Astrophysicist Syed Ashraf Uddin joins IUB faculty
Independent University, Bangladesh (IUB) has appointed Dr Syed Ashraf Uddin as Associate Professor in the Department of Physical Sciences, effective January 2026.
Joining the department's astrophysics group, Dr Uddin will help strengthen the university's academic curriculum and research output. In addition to his teaching responsibilities, he will serve as a core member of the Centre for Astronomy, Space Science and Astrophysics, a research centre he helped establish to advance astrophysics research in Bangladesh.
Dr Uddin brings more than two decades of international experience in observational astronomy and cosmology. His career includes roles as an astronomer at the United States Naval Observatory in Washington, DC, and as a resident astronomer at the McDonald Observatory's Hobby–Eberly Telescope inTexas. He has also served as a postdoctoral fellow at the Carnegie Observatories of the Carnegie Institution for Science and as a postdoctoral research associate at Texas A&M University.
He was selected as a President's International Fellow of the Chinese Academy of Sciences at the Purple Mountain Observatory, where he contributed to the Antarctic astronomy project.

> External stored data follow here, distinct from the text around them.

lemma card_edges_colour:
  assumes "finite P"
  shows "card {e. e \<subseteq> P \<and> card e = 2 \<and> bip_colour x c e = c} =
    (card P choose 2) - (card (P - {0..<x}) choose 2)"
proof -
  let ?E = "\<lambda>Q. {e. e \<subseteq> Q \<and> card e = 2}"
  have "{e. e \<subseteq> P \<and> card e = 2 \<and> bip_colour x c e = c} = ?E P - ?E (P - {0..<x})"
    by (cases c) (auto simp: bip_colour_def other_colour_def)
  moreover have "finite (?E P)" using assms by (auto intro: finite_subset[of _ "Pow P"])
  moreover have "?E (P - {0..<x}) \<subseteq> ?E P" by auto
  ultimately show ?thesis
    using assms by (simp add: card_Diff_subset n_subsets finite_subset)
qed

lemma colour_count_other_colour:
  assumes "Kk_factor k n F"
  shows "colour_count x c F (other_colour c) = (\<Sum>P\<in>F. card (P - {0..<x}) choose 2)"
  using colour_count_eq_sum_parts[OF assms] card_edges_other_colour Kk_factor_finite(2)[OF assms]
  by simp

lemma colour_count_colour:
  assumes "Kk_factor k n F"
  shows "colour_count x c F c = (\<Sum>P\<in>F. (k choose 2) - (card (P - {0..<x}) choose 2))"
  using colour_count_eq_sum_parts[OF assms] card_edges_colour Kk_factor_finite(2)[OF assms] assms
  by (simp add: Kk_factor_def)

lemma colour_count_colour_add:
  assumes "Kk_factor k n F"
  shows "colour_count x c F c + (b - 1) * (n - x) =
    (\<Sum>P\<in>F. (k choose 2) - (card (P - {0..<x}) choose 2) + (b - 1) * card (P - {0..<x}))"
  by (simp add: colour_count_colour[OF assms] sum.distrib sum_distrib_left
      Kk_factor_sum_card_Diff[OF assms, symmetric])

lemma two_mult_choose_two: "2 * (n choose 2) = n * (n - 1)"
  by (cases n) (simp_all add: choose_two)

lemma two_mult_choose_two_int: "2 * int (n choose 2) = int n * (int n - 1)"
proof -
  have "int (2 * (n choose 2)) = int (n * (n - 1))" by (simp only: two_mult_choose_two)
  then show ?thesis by (cases n) (simp_all add: algebra_simps)
qed

lemma two_mult_choose_two_le:
  assumes "j \<le> k"
  shows "2 * (j choose 2) \<le> (k - 1) * j"
  using assms by (simp add: two_mult_choose_two mult.commute[of _ j] mult_le_mono2 diff_le_mono)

Dr Uddin is a recognised researcher in supernova cosmology, with work focusing on the cosmic distance scale and the expansion rate of the universe, a key area related to the global 'Hubble tension'. He has led collaborative studies with the Carnegie Supernova Project to measure the Hubble constant using multiple distance calibrators. He was later selected to join an international expert team led by Nobel laureate Adam Riess to establish a global consensus on the Hubble constant through a cosmic distance network.

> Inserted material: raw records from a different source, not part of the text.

lemma mtrace_mult_block4_fisher_blocks:
  assumes Phi: "Phi \<in> carrier_mat (4*M) (4*M)" "Phi\<^sup>T = Phi"
  shows "mtrace (Phi * block4 M (fisher_blocks S X)) = fisher_pairing M S Phi X"
  by (subst mtrace_mult_block4_symmetric[OF Phi fisher_blocks_carrier fisher_blocks_lower])
    (simp_all add: fisher_pairing_def fisher_blocks_def Let_def eval_nat_numeral entry_pairing_uminus)

end

section \<open>Derivative of the trace of an inverse matrix\<close>

lemma isCont_det:
  assumes G: "\<And>t. (G t :: real mat) \<in> carrier_mat n n"
    and cont: "\<And>i j. i < n \<Longrightarrow> j < n \<Longrightarrow> isCont (\<lambda>t. G t $$ (i,j)) x"
  shows "isCont (\<lambda>t. det (G t)) x"
proof -
  have "(\<lambda>t. det (G t)) = (\<lambda>t. \<Sum>p \<in> {p. p permutes {0..<n}}. signof p * (\<Prod>i = 0..<n. G t $$ (i, p i)))"
    using det_def'[OF G] by blast
  moreover have "isCont (\<lambda>t. G t $$ (i, p i)) x" if "p permutes {0..<n}" "i \<in> {0..<n}" for p i
    using that cont permutes_in_image by fastforce
  ultimately show ?thesis
    by (simp only:) (intro continuous_sum continuous_mult continuous_const continuous_prod; simp)
qed

lemma det_nonzero_minv:
  assumes A: "(A::'a::field mat) \<in> carrier_mat n n" and det: "det A \<noteq> 0"
  shows "minv A \<in> carrier_mat n n" "A * minv A = 1\<^sub>m n" "minv A * A = 1\<^sub>m n"
    "minv A = (1 / det A) \<cdot>\<^sub>m adj_mat A"
proof -
  have "A \<in> Units (ring_mat TYPE('a) n undefined)" by (rule det_non_zero_imp_unit[OF A det])
  then obtain B where B: "mat_inverse A = Some B"
    using mat_inverse(1)[OF A, of undefined] by (cases "mat_inverse A") auto
  then have B_minv: "minv A = B" by (simp add: minv_def)
  from mat_inverse(2)[OF A B] have AB: "A * B = 1\<^sub>m n" "B * A = 1\<^sub>m n" "B \<in> carrier_mat n n" by auto
  then show "minv A \<in> carrier_mat n n" "A * minv A = 1\<^sub>m n" "minv A * A = 1\<^sub>m n" using B_minv by auto
  have adj: "A * adj_mat A = det A \<cdot>\<^sub>m 1\<^sub>m n" "adj_mat A \<in> carrier_mat n n" using adj_mat[OF A] by auto
  have "A * ((1 / det A) \<cdot>\<^sub>m adj_mat A) = (1 / det A) \<cdot>\<^sub>m (det A \<cdot>\<^sub>m 1\<^sub>m n)"
    using mult_smult_distrib[OF A adj(2)] by (simp add: adj(1))
  also have "\<dots> = 1\<^sub>m n" using det by (intro eq_matI) auto
  finally have inv: "A * ((1 / det A) \<cdot>\<^sub>m adj_mat A) = 1\<^sub>m n" .
  have "B = B * (A * ((1 / det A) \<cdot>\<^sub>m adj_mat A))" using AB(3) by (simp add: inv)
  also have "\<dots> = (B * A) * ((1 / det A) \<cdot>\<^sub>m adj_mat A)"
    using assoc_mult_mat[OF AB(3) A smult_carrier_mat[OF adj(2)]] by simp
  also have "\<dots> = (1 / det A) \<cdot>\<^sub>m adj_mat A" using AB(2) adj(2) by simp
  finally show "minv A = (1 / det A) \<cdot>\<^sub>m adj_mat A" using B_minv by simp
qed

lemma invertible_mat_det_nonzero:
  assumes "invertible_mat (A::'a::comm_ring_1 mat)" "A \<in> carrier_mat n n"
  shows "det A \<noteq> 0"
proof -
  obtain B where B: "A * B = 1\<^sub>m n" "B * A = 1\<^sub>m (dim_row B)"
    using assms unfolding invertible_mat_def inverts_mat_def by auto
  have "dim_col B = n" using arg_cong[OF B(1), of dim_col] by simp
  moreover have "dim_row B = n" using arg_cong[OF B(2), of dim_col] assms(2) by simp
  ultimately have "B \<in> carrier_mat n n" by blast
  then have "det A * det B = det (A * B)" using det_mult[OF assms(2)] by simp
  then show ?thesis using B(1) by auto
qed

His research experience also includes significant contributions to time-domain astronomy through the Dark Energy Survey and the Australia–China Consortium for Astrophysical Research. He has been involved in observing strategies, data reduction, and the dissemination of Astronomer's Telegrams, and co-led spectroscopic follow-up observations of astronomical transients using the Wide Field Spectrograph on the 2.3-metre ANU telescope.

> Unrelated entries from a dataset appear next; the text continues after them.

(* Let $G$ be a countable group of orientation preserving $C^2$ (resp. $C^3$) diffeomorphisms of ${\bf S}^1={\bf R}/{\bf Z}$ preserving no probability measure on ${\bf S}^1$, let $\mu$ be a probability measure on $G$ whose support generates $G$ as a semi-group with $\int|\log g'|_\infty d\mu(g)<\infty$, and let $\nu,\lambda<0,C_2,C_3$ be as in the context. Suppose \[\int |Lg|_\infty\,d\mu(g)<\infty\qquad(\text{resp. } \int|Sg|_\infty\,d\mu(g)<\infty).\] Then for $\mu^{\bf N}$-a.e. ${\bf g}$ the number \[C_4({\bf g}):=\sum_{n\ge0}|Lg_{n+1}|_\infty\exp(\lambda n/2)\qquad(\text{resp. } C_4({\bf g}):=\sum_{n\ge0}|Sg_{n+1}|_\infty\exp(\lambda n))\] is finite. Moreover, let $\kappa>0$ and $r=\dfrac{\kappa e^{-\kappa}}{C_2(x,{\bf g})C_3({\bf g})}$. For every $x\in{\bf S}^1$ and $\mu^{\bf N}$-a.e. ${\bf g}$ for which $C_2(x,{\bf g})$ and $C_3({\bf g})$ are finite, for every $n\ge0$ and every $y\in[x-r,x+r]$, \[|L{\bf l_n}(y)|\le C_2(x,{\bf g})C_4({\bf g})e^{\kappa}\qquad(\text{resp. } |S{\bf l_n}(y)|\le C_2(x,{\bf g})^2C_4({\bf g})e^{2\kappa}).\]
   Context: $Lg=g''/g'$ is the logarithmic derivative and $Sg=(g''/g')'-\frac12(g''/g')^2$ the Schwarzian derivative; $|\cdot|_\infty$ is the sup norm on the circle. $\nu$ is the unique $\mu$-stationary probability measure on ${\bf S}^1$, $\lambda=\int\log g'(x)\,d\mu(g)\,d\nu(x)$, known to be negative. $G^{\bf N}$ carries $\mu^{\bf N}$, $g_n$ is the $n$-th coordinate, ${\bf l_n}=g_n\circ\cdots\circ g_1$, ${\bf l_0}=\mathrm{id}$. $C_2(x,{\bf g})\ge1$ is the infimum of $C\ge1$ with $\frac1C e^{3n\lambda/2}\le{\bf l_n}'(x)\le Ce^{n\lambda/2}$ for all $n\ge0$. $C_3({\bf g})=\sum_{n\ge0}|\log g_{n+1}'|_1\exp(n\lambda/2)$, where $|\varphi|_1=\sup_{x\ne y}|\varphi(x)-\varphi(y)|/|x-y|$ (so $|\log g'|_1=|Lg|_\infty$). *)

theory Defs
  imports "HOL-Probability.Probability"
begin

text \<open>Circle diffeomorphisms are represented by their lifts to the real line:
  maps g with g(x+1) = g x + 1. The circle map is x \<mapsto> frac (g x) on [0,1).\<close>

definition circ_C2 :: "(real \<Rightarrow> real) \<Rightarrow> bool" where
  "circ_C2 g \<longleftrightarrow> (\<forall>x. g (x + 1) = g x + 1) \<and> (\<forall>x. g differentiable at x)
     \<and> (\<forall>x. deriv g differentiable at x) \<and> continuous_on UNIV (deriv (deriv g))
     \<and> (\<forall>x. deriv g x > 0)"

definition circ_C3 :: "(real \<Rightarrow> real) \<Rightarrow> bool" where
  "circ_C3 g \<longleftrightarrow> circ_C2 g \<and> (\<forall>x. deriv (deriv g) differentiable at x)
     \<and> continuous_on UNIV (deriv (deriv (deriv g)))"

definition Ldiff :: "(real \<Rightarrow> real) \<Rightarrow> real \<Rightarrow> real" where
  "Ldiff g x = deriv (deriv g) x / deriv g x"

definition Sdiff :: "(real \<Rightarrow> real) \<Rightarrow> real \<Rightarrow> real" where
  "Sdiff g x = deriv (Ldiff g) x - 1/2 * (Ldiff g x)^2"

definition supnorm :: "(real \<Rightarrow> real) \<Rightarrow> real" where
  "supnorm f = Sup (range (\<lambda>x. \<bar>f x\<bar>))"

definition lip1 :: "(real \<Rightarrow> real) \<Rightarrow> real" where
  "lip1 f = Sup {\<bar>f x - f y\<bar> / \<bar>x - y\<bar> | x y. x \<noteq> y}"

inductive_set sgen :: "(real \<Rightarrow> real) set \<Rightarrow> (real \<Rightarrow> real) set" for S where
  base: "g \<in> S \<Longrightarrow> g \<in> sgen S"
| comp: "f \<in> sgen S \<Longrightarrow> g \<in> sgen S \<Longrightarrow> f \<circ> g \<in> sgen S"

text \<open>The projection of a set of lifts to the circle is a group: inverses exist modulo integer translations.\<close>
definition is_circ_group :: "(real \<Rightarrow> real) set \<Rightarrow> bool" where
  "is_circ_group G \<longleftrightarrow> (\<forall>g\<in>G. \<exists>h\<in>G. \<exists>k::int. \<forall>x. h (g x) = x + of_int k)"

text \<open>Probability measures on the circle, realised on [0,1).\<close>
definition circ_prob :: "real measure \<Rightarrow> bool" where
  "circ_prob m \<longleftrightarrow> prob_space m \<and> sets m = sets borel \<and> emeasure m {0..<1} = 1"

definition circ_push :: "(real \<Rightarrow> real) \<Rightarrow> real measure \<Rightarrow> real measure" where
  "circ_push g m = distr m borel (\<lambda>x. frac (g x))"

definition stationary :: "(real \<Rightarrow> real) pmf \<Rightarrow> real measure \<Rightarrow> bool" where
  "stationary \<mu> m \<longleftrightarrow> circ_prob m \<and>
     (\<forall>A\<in>sets borel. emeasure m A = (\<integral>\<^sup>+ g. emeasure (circ_push g m) A \<partial>measure_pmf \<mu>))"

text \<open>The random compositions l_n = g_n o ... o g_1, where g_(n+1) = w n.\<close>
primrec lcomp :: "(nat \<Rightarrow> real \<Rightarrow> real) \<Rightarrow> nat \<Rightarrow> real \<Rightarrow> real" where
  "lcomp w 0 = id"
| "lcomp w (Suc n) = w n \<circ> lcomp w n"

definition C2set :: "real \<Rightarrow> real \<Rightarrow> (nat \<Rightarrow> real \<Rightarrow> real) \<Rightarrow> real set" where
  "C2set lam x w = {C. C \<ge> 1 \<and> (\<forall>n. exp (3 * real n * lam / 2) / C \<le> deriv (lcomp w n) x
                        \<and> deriv (lcomp w n) x \<le> C * exp (real n * lam / 2))}"

definition C2fin :: "real \<Rightarrow> real \<Rightarrow> (nat \<Rightarrow> real \<Rightarrow> real) \<Rightarrow> bool" where
  "C2fin lam x w \<longleftrightarrow> C2set lam x w \<noteq> {}"

definition C2val :: "real \<Rightarrow> real \<Rightarrow> (nat \<Rightarrow> real \<Rightarrow> real) \<Rightarrow> real" where
  "C2val lam x w = Inf (C2set lam x w)"

definition C3term :: "real \<Rightarrow> (nat \<Rightarrow> real \<Rightarrow> real) \<Rightarrow> nat \<Rightarrow> real" where
  "C3term lam w n = lip1 (\<lambda>x. ln (deriv (w n) x)) * exp (real n * lam / 2)"

definition C3fin :: "real \<Rightarrow> (nat \<Rightarrow> real \<Rightarrow> real) \<Rightarrow> bool" where
  "C3fin lam w \<longleftrightarrow> summable (C3term lam w)"

definition C3val :: "real \<Rightarrow> (nat \<Rightarrow> real \<Rightarrow> real) \<Rightarrow> real" where
  "C3val lam w = suminf (C3term lam w)"

end

theory Submission
  imports Defs "HOL-Library.Periodic_Fun"
begin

Dr Uddin has authored 64 peer-reviewed publications, receiving more than 5,600 citations according to the NASA Astrophysics Data System. He has an h-index of 33 and a g-index of 63, with research published in leading journals including The Astrophysical Journal and Monthly Notices of the Royal Astronomical Society. His work also examines dark energy by analysing the relationship between Type Ia supernovae and their host galaxies.
He holds a PhD in astrophysics from Swinburne University of Technology in Australia, an MSc in physics from the University of Kentucky in the United States, and an MSc in radio astronomy and space science from Chalmers University of Technology in Sweden. He completed his undergraduate studies in mechanical engineering at the Bangladesh University of Engineering and Technology.
At Independent University, Bangladesh, Dr Uddin will teach courses under the minor in astronomy and astrophysics, and the general education course AST 100: Our Cosmic History. He will also work with Dr Khan Asad to prepare a proposal for a Master of Science programme in astronomy and astrophysics, which will be open to students across Bangladesh.
His future research at IUB will focus on supernova cosmology and time-domain multi-messenger astronomy, using data from the Las Campanas Observatory and the Rubin Observatory's Legacy Survey of Space and Time. He plans to develop automated transient follow-up systems, advocate for a research-grade optical observatory, and actively involve undergraduate and graduate students in his research initiatives.